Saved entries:
(* Let $r\neq0$ be an integer and $K$ a field of characteristic not dividing $2r$ and different from $3$, and assume $r=\varepsilon^4$ for some $\varepsilon\in K$. Let $E_r$ be the elliptic curve $y^2=x^3-r^{-1}x$ with point at infinity $O$, and define $S_0=\{(a,b)\in K^2: b^2=a^3-a,\ a^4+6a^2-3=0\}$, $S_1=\{(a,b)\in K^2: b^2=a^3-a,\ 3a^4-6a^2-1=0\}$, $S_{1,r}=\{(a,b)\in K^2: b^2=a^3-r^{-1}a,\ 3r^2a^4-6ra^2-1=0\}$. Then there exist bijections $E_r[3](K)\setminus\{O\}\to S_{1,r}\to S_1\to S_0$, where $E_r[3](K)$ is the set of $K$-rational $3$-torsion points of $E_r$. *)

theory Defs
  imports Main
begin

datatype 'a ec_point = Infinity | Point 'a 'a

definition on_curve :: "'a::field \<Rightarrow> 'a \<Rightarrow> 'a ec_point \<Rightarrow> bool" where
  "on_curve A B P = (case P of Infinity \<Rightarrow> True
      | Point x y \<Rightarrow> y^2 = x^3 + A * x + B)"

fun ec_add :: "'a::field \<Rightarrow> 'a ec_point \<Rightarrow> 'a ec_point \<Rightarrow> 'a ec_point" where
  "ec_add A Infinity P = P"
| "ec_add A P Infinity = P"
| "ec_add A (Point x1 y1) (Point x2 y2) =
     (if x1 = x2 \<and> y1 = - y2 then Infinity
      else (let l = (if x1 = x2 then (3 * x1^2 + A) / (2 * y1)
                     else (y2 - y1) / (x2 - x1));
                x3 = l^2 - x1 - x2
            in Point x3 (l * (x1 - x3) - y1)))"

definition three_torsion :: "'a::field \<Rightarrow> 'a \<Rightarrow> 'a ec_point set" where
  "three_torsion A B = {P. on_curve A B P \<and> ec_add A P (ec_add A P P) = Infinity}"

definition S0 :: "('a::field \<times> 'a) set" where
  "S0 = {(a, b). b^2 = a^3 - a \<and> a^4 + 6 * a^2 - 3 = 0}"

definition S1 :: "('a::field \<times> 'a) set" where
  "S1 = {(a, b). b^2 = a^3 - a \<and> 3 * a^4 - 6 * a^2 - 1 = 0}"

definition S1r :: "int \<Rightarrow> ('a::field \<times> 'a) set" where
  "S1r r = {(a, b). b^2 = a^3 - inverse (of_int r) * a \<and>
                    3 * (of_int r)^2 * a^4 - 6 * of_int r * a^2 - 1 = 0}"

end

theory Submission
  imports Defs
begin

text \<open>For P = (x, y) \<noteq> O on y^2 = x^3 + A x + B, 3P = O means 2P = -P, i.e. the
  tangent at P meets the curve again at x-coordinate x: the tangent slope l satisfies l^2 = 3x.
  Clearing denominators with the curve equation, this says that x is a root of the 3-division
  polynomial 3x^4 + 6Ax^2 + 12Bx - A^2, and for B = 0, A \<noteq> 0 the 2-torsion points (y = 0)
  are not roots. For A = -1/r this quartic, scaled by r^2, is the one defining S_{1,r}; the
  curve isomorphism (x, y) \<mapsto> (\<epsilon>^2 x, \<epsilon>^3 y) carries A = -1/\<epsilon>^4 to A = -1; and
  translation by the 2-torsion point (0, 0) of y^2 = x^3 - x, namely (a, b) \<mapsto> (-1/a, b/a^2),
  turns the quartic 3a^4 - 6a^2 - 1 into its reversal a^4 + 6a^2 - 3.\<close>

definition three_division_points :: "'a::field \<Rightarrow> ('a \<times> 'a) set" where
  "three_division_points A = {(x, y). y^2 = x^3 + A * x \<and> 3 * x^4 + 6 * A * x^2 - A^2 = 0}"

lemma ec_add_Point_eq_Infinity_iff:
  "ec_add A (Point x y) Q = Infinity \<longleftrightarrow> Q = Point x (- y)"
  by (cases Q) (auto simp: Let_def)

lemma ec_double_Point:
  fixes x y A :: "'a::field"
  assumes "(2::'a) \<noteq> 0" and "y \<noteq> 0"
  shows "ec_add A (Point x y) (Point x y) =
    (let l = (3 * x^2 + A) / (2 * y); x' = l^2 - x - x in Point x' (l * (x - x') - y))"
proof -
  have "y \<noteq> - y"
    using assms by (metis add_eq_0_iff2 divisors_zero mult_2)
  then show ?thesis by (simp add: Let_def)
qed

lemma ec_triple_eq_Infinity_iff:
  fixes x y A B :: "'a::field"
  assumes two: "(2::'a) \<noteq> 0" and "y \<noteq> 0" and curve: "y^2 = x^3 + A * x + B"
  shows "ec_add A (Point x y) (ec_add A (Point x y) (Point x y)) = Infinity
    \<longleftrightarrow> 3 * x^4 + 6 * A * x^2 + 12 * B * x - A^2 = 0"
proof -
  define l where "l = (3 * x^2 + A) / (2 * y)"
  have four_y2: "4 * y^2 \<noteq> 0"
    using assms by (metis mult_2_right numeral_Bit0 power_not_zero mult_eq_0_iff)
  have "ec_add A (Point x y) (ec_add A (Point x y) (Point x y)) = Infinity \<longleftrightarrow> l^2 - x - x = x"
    using ec_double_Point[OF two \<open>y \<noteq> 0\<close>] by (auto simp: ec_add_Point_eq_Infinity_iff l_def Let_def)
  also have "\<dots> \<longleftrightarrow> (3 * x^2 + A)^2 = 3 * x * (4 * y^2)"
    using four_y2 by (auto simp: l_def power_divide power_mult_distrib divide_eq_eq algebra_simps)
  also have "\<dots> \<longleftrightarrow> 3 * x^4 + 6 * A * x^2 + 12 * B * x - A^2 = 0"
  proof -
    have "(3 * x^2 + A)^2 - 3 * x * (4 * y^2) = - (3 * x^4 + 6 * A * x^2 + 12 * B * x - A^2)"
      unfolding curve by (simp add: algebra_simps power2_eq_square power3_eq_cube power4_eq_xxxx)
    then show ?thesis by (metis eq_iff_diff_eq_0 neg_equal_0_iff_equal)
  qed
  finally show ?thesis .
qed

lemma three_division_poly_ne_zero_at_root:
  fixes x A :: "'a::field"
  assumes "(2::'a) \<noteq> 0" and "A \<noteq> 0" and root: "x^3 + A * x = 0"
  shows "3 * x^4 + 6 * A * x^2 - A^2 \<noteq> 0"
proof -
  have "x * (x^2 + A) = 0"
    using root by (simp add: algebra_simps power2_eq_square power3_eq_cube)
  then consider "x = 0" | "x^2 = - A"
    by (auto simp: add_eq_0_iff)
  then show ?thesis
  proof cases
    case 1
    then show ?thesis using \<open>A \<noteq> 0\<close> by simp
  next
    case 2
    have "x^4 = (x^2)^2"
      by (simp flip: power_mult)
    then have "3 * x^4 + 6 * A * x^2 - A^2 = 3 * A^2 + 6 * A * (- A) - A^2"
      by (simp only: 2 power2_minus)
    also have "\<dots> = - ((2 * 2) * A^2)"
      by (simp add: power2_eq_square algebra_simps)
    finally show ?thesis
      using assms by (metis mult_eq_0_iff neg_equal_0_iff_equal power_not_zero)
  qed
qed

lemma Point_in_three_torsion_iff:
  fixes x y A :: "'a::field"
  assumes two: "(2::'a) \<noteq> 0" and "A \<noteq> 0"
  shows "Point x y \<in> three_torsion A 0 \<longleftrightarrow> (x, y) \<in> three_division_points A"
proof (cases "y = 0")
  case True
  then show ?thesis
    using three_division_poly_ne_zero_at_root[OF assms, of x]
    by (simp add: three_torsion_def three_division_points_def on_curve_def)
next
  case False
  then show ?thesis
    using ec_triple_eq_Infinity_iff[OF two False, of x A 0]
    by (auto simp: three_torsion_def three_division_points_def on_curve_def simp del: ec_add.simps)
qed

lemma bij_betw_three_division_points_three_torsion:
  fixes A :: "'a::field"
  assumes "(2::'a) \<noteq> 0" and "A \<noteq> 0"
  shows "bij_betw (\<lambda>(x, y). Point x y) (three_division_points A) (three_torsion A 0 - {Infinity})"
proof (rule bij_betw_imageI)
  show "inj_on (\<lambda>(x, y). Point x y) (three_division_points A)"
    by (auto intro: inj_onI)
  show "(\<lambda>(x, y). Point x y) ` three_division_points A = three_torsion A 0 - {Infinity}"
  proof (intro set_eqI iffI)
    fix P assume "P \<in> three_torsion A 0 - {Infinity}"
    then obtain x y where "P = Point x y" "Point x y \<in> three_torsion A 0"
      by (cases P) auto
    then show "P \<in> (\<lambda>(x, y). Point x y) ` three_division_points A"
      using Point_in_three_torsion_iff[OF assms] by force
  qed (use Point_in_three_torsion_iff[OF assms] in auto)
qed

lemma scale_in_three_division_points:
  fixes u :: "'a::field"
  assumes "(x, y) \<in> three_division_points A"
  shows "(u^2 * x, u^3 * y) \<in> three_division_points (u^4 * A)"
proof -
  have "(u^3 * y)^2 = u^6 * y^2" and "(u^2 * x)^3 + u^4 * A * (u^2 * x) = u^6 * (x^3 + A * x)"
    and "3 * (u^2 * x)^4 + 6 * (u^4 * A) * (u^2 * x)^2 - (u^4 * A)^2
           = u^8 * (3 * x^4 + 6 * A * x^2 - A^2)"
    by (simp_all add: algebra_simps power_mult_distrib flip: power_mult power_add)
  then show ?thesis
    using assms by (simp add: three_division_points_def)
qed

lemma bij_betw_scale_three_division_points:
  fixes u :: "'a::field"
  assumes "u \<noteq> 0"
  shows "bij_betw (\<lambda>(x, y). (u^2 * x, u^3 * y)) (three_division_points A)
    (three_division_points (u^4 * A))"
proof (rule bij_betw_byWitness[where f' = "\<lambda>(x, y). ((inverse u)^2 * x, (inverse u)^3 * y)"])
  have rescale: "(inverse u)^4 * (u^4 * A) = A"
    using assms by (simp add: power_inverse)
  have "((inverse u)^2 * x, (inverse u)^3 * y) \<in> three_division_points A"
    if "(x, y) \<in> three_division_points (u^4 * A)" for x y
    using scale_in_three_division_points[OF that, of "inverse u"] by (simp only: rescale)
  then show "(\<lambda>(x, y). ((inverse u)^2 * x, (inverse u)^3 * y)) ` three_division_points (u^4 * A)
      \<subseteq> three_division_points A"
    by auto
qed (use assms scale_in_three_division_points in \<open>auto simp: power_inverse\<close>)

lemma S1r_eq_three_division_points:
  assumes "(of_int r :: 'a::field) \<noteq> 0"
  shows "(S1r r :: ('a \<times> 'a) set) = three_division_points (- inverse (of_int r))"
proof -
  have "3 * (of_int r)^2 * a^4 - 6 * of_int r * a^2 - 1
      = (of_int r)^2 * (3 * a^4 + 6 * (- inverse (of_int r)) * a^2 - (- inverse (of_int r))^2)"
    for a :: 'a
    using assms by (simp add: field_simps power2_eq_square)
  then show ?thesis
    using assms by (auto simp: S1r_def three_division_points_def)
qed

lemma S1_eq_three_division_points: "S1 = three_division_points (-1)"
  by (simp add: S1_def three_division_points_def)

definition translate_by_origin :: "'a::field \<times> 'a \<Rightarrow> 'a \<times> 'a" where
  "translate_by_origin = (\<lambda>(a, b). (-1 / a, b / a^2))"

lemma translate_by_origin_involutive:
  "fst p \<noteq> 0 \<Longrightarrow> translate_by_origin (translate_by_origin p) = p"
  by (cases p) (simp add: translate_by_origin_def power_divide)

lemma translate_by_origin_on_curve:
  fixes a b :: "'a::field"
  assumes "a \<noteq> 0" and "b^2 = a^3 - a"
  shows "(b / a^2)^2 = (-1 / a)^3 - (-1 / a)"
  using assms by (simp add: field_simps power2_eq_square power3_eq_cube power4_eq_xxxx)

lemma translate_by_origin_quartics:
  fixes a :: "'a::field"
  assumes "a \<noteq> 0"
  shows "(-1 / a)^4 + 6 * (-1 / a)^2 - 3 = - (3 * a^4 - 6 * a^2 - 1) / a^4"
    and "3 * (-1 / a)^4 - 6 * (-1 / a)^2 - 1 = - (a^4 + 6 * a^2 - 3) / a^4"
  using assms by (simp_all add: field_simps power2_eq_square power4_eq_xxxx)

lemma translate_by_origin_S1_S0:
  assumes "(a, b) \<in> (S1 :: ('a::field \<times> 'a) set)"
  shows "translate_by_origin (a, b) \<in> S0"
proof -
  have curve: "b^2 = a^3 - a" and quartic: "3 * a^4 - 6 * a^2 - 1 = 0"
    using assms by (auto simp: S1_def)
  have "a \<noteq> 0"
    using quartic by auto
  then have "(b / a^2)^2 = (-1 / a)^3 - (-1 / a)" and "(-1 / a)^4 + 6 * (-1 / a)^2 - 3 = 0"
    using translate_by_origin_on_curve[OF _ curve]
      translate_by_origin_quartics(1)[OF \<open>a \<noteq> 0\<close>, unfolded quartic]
    by simp_all
  then show ?thesis
    by (simp add: S0_def translate_by_origin_def)
qed

lemma translate_by_origin_S0_S1:
  assumes "(3::'a::field) \<noteq> 0" and "(a, b) \<in> (S0 :: ('a \<times> 'a) set)"
  shows "translate_by_origin (a, b) \<in> S1"
proof -
  have curve: "b^2 = a^3 - a" and quartic: "a^4 + 6 * a^2 - 3 = 0"
    using assms by (auto simp: S0_def)
  have "a \<noteq> 0"
    using quartic assms(1) by auto
  then have "(b / a^2)^2 = (-1 / a)^3 - (-1 / a)" and "3 * (-1 / a)^4 - 6 * (-1 / a)^2 - 1 = 0"
    using translate_by_origin_on_curve[OF _ curve]
      translate_by_origin_quartics(2)[OF \<open>a \<noteq> 0\<close>, unfolded quartic]
    by simp_all
  then show ?thesis
    by (simp add: S1_def translate_by_origin_def)
qed

lemma bij_betw_S1_S0:
  assumes "(3::'a::field) \<noteq> 0"
  shows "bij_betw translate_by_origin (S1 :: ('a \<times> 'a) set) S0"
proof (rule bij_betw_byWitness[where f' = translate_by_origin])
  have "fst p \<noteq> 0" if "p \<in> S1 \<union> S0" for p :: "'a \<times> 'a"
    using that assms by (auto simp: S1_def S0_def)
  then show "\<forall>p \<in> (S1 :: ('a \<times> 'a) set). translate_by_origin (translate_by_origin p) = p"
    and "\<forall>p \<in> (S0 :: ('a \<times> 'a) set). translate_by_origin (translate_by_origin p) = p"
    by (simp_all add: translate_by_origin_involutive)
  show "translate_by_origin ` (S1 :: ('a \<times> 'a) set) \<subseteq> S0"
    using translate_by_origin_S1_S0 by auto
  show "translate_by_origin ` (S0 :: ('a \<times> 'a) set) \<subseteq> S1"
    using translate_by_origin_S0_S1[OF assms] by auto
qed

theorem lemma3p10:
  fixes r :: int and \<epsilon> :: "'a::field"
  assumes "r \<noteq> 0"
    and "(of_int (2 * r) :: 'a) \<noteq> 0"
    and "(3 :: 'a) \<noteq> 0"
    and "(of_int r :: 'a) = \<epsilon> ^ 4"
  shows "\<exists>f g h.
    bij_betw f (three_torsion (- inverse (of_int r :: 'a)) 0 - {Infinity}) (S1r r :: ('a \<times> 'a) set)
    \<and> bij_betw g (S1r r :: ('a \<times> 'a) set) (S1 :: ('a \<times> 'a) set)
    \<and> bij_betw h (S1 :: ('a \<times> 'a) set) (S0 :: ('a \<times> 'a) set)"
proof -
  define A :: 'a where "A = - inverse (of_int r)"
  have two: "(2::'a) \<noteq> 0" and r: "(of_int r :: 'a) \<noteq> 0"
    using assms(2) by auto
  then have "A \<noteq> 0" and "\<epsilon> \<noteq> 0"
    using assms(4) by (auto simp: A_def)
  have S1r: "S1r r = three_division_points A"
    using S1r_eq_three_division_points[OF r] by (simp add: A_def)
  have "\<epsilon>^4 * A = -1"
    using assms(4) \<open>\<epsilon> \<noteq> 0\<close> by (simp add: A_def)
  then have "bij_betw (\<lambda>(x, y). (\<epsilon>^2 * x, \<epsilon>^3 * y)) (S1r r) S1"
    using bij_betw_scale_three_division_points[OF \<open>\<epsilon> \<noteq> 0\<close>, of A]
    by (simp add: S1r S1_eq_three_division_points)
  moreover have "bij_betw (inv_into (three_division_points A) (\<lambda>(x, y). Point x y))
      (three_torsion A 0 - {Infinity}) (S1r r)"
    unfolding S1r
    by (rule bij_betw_inv_into[OF bij_betw_three_division_points_three_torsion[OF two \<open>A \<noteq> 0\<close>]])
  ultimately show ?thesis
    using bij_betw_S1_S0[OF assms(3)] unfolding A_def by blast
qed

end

Your objective - Every line from the line containing "by (simp add: S0_def" through the line containing "using assms by (auto simp: S0_def)" in the records above must be retyped exactly. Leave out the rest.

Response below -
    by (simp add: S0_def translate_by_origin_def)
qed

lemma translate_by_origin_S0_S1:
  assumes "(3::'a::field) \<noteq> 0" and "(a, b) \<in> (S0 :: ('a \<times> 'a) set)"
  shows "translate_by_origin (a, b) \<in> S1"
proof -
  have curve: "b^2 = a^3 - a" and quartic: "a^4 + 6 * a^2 - 3 = 0"
    using assms by (auto simp: S0_def)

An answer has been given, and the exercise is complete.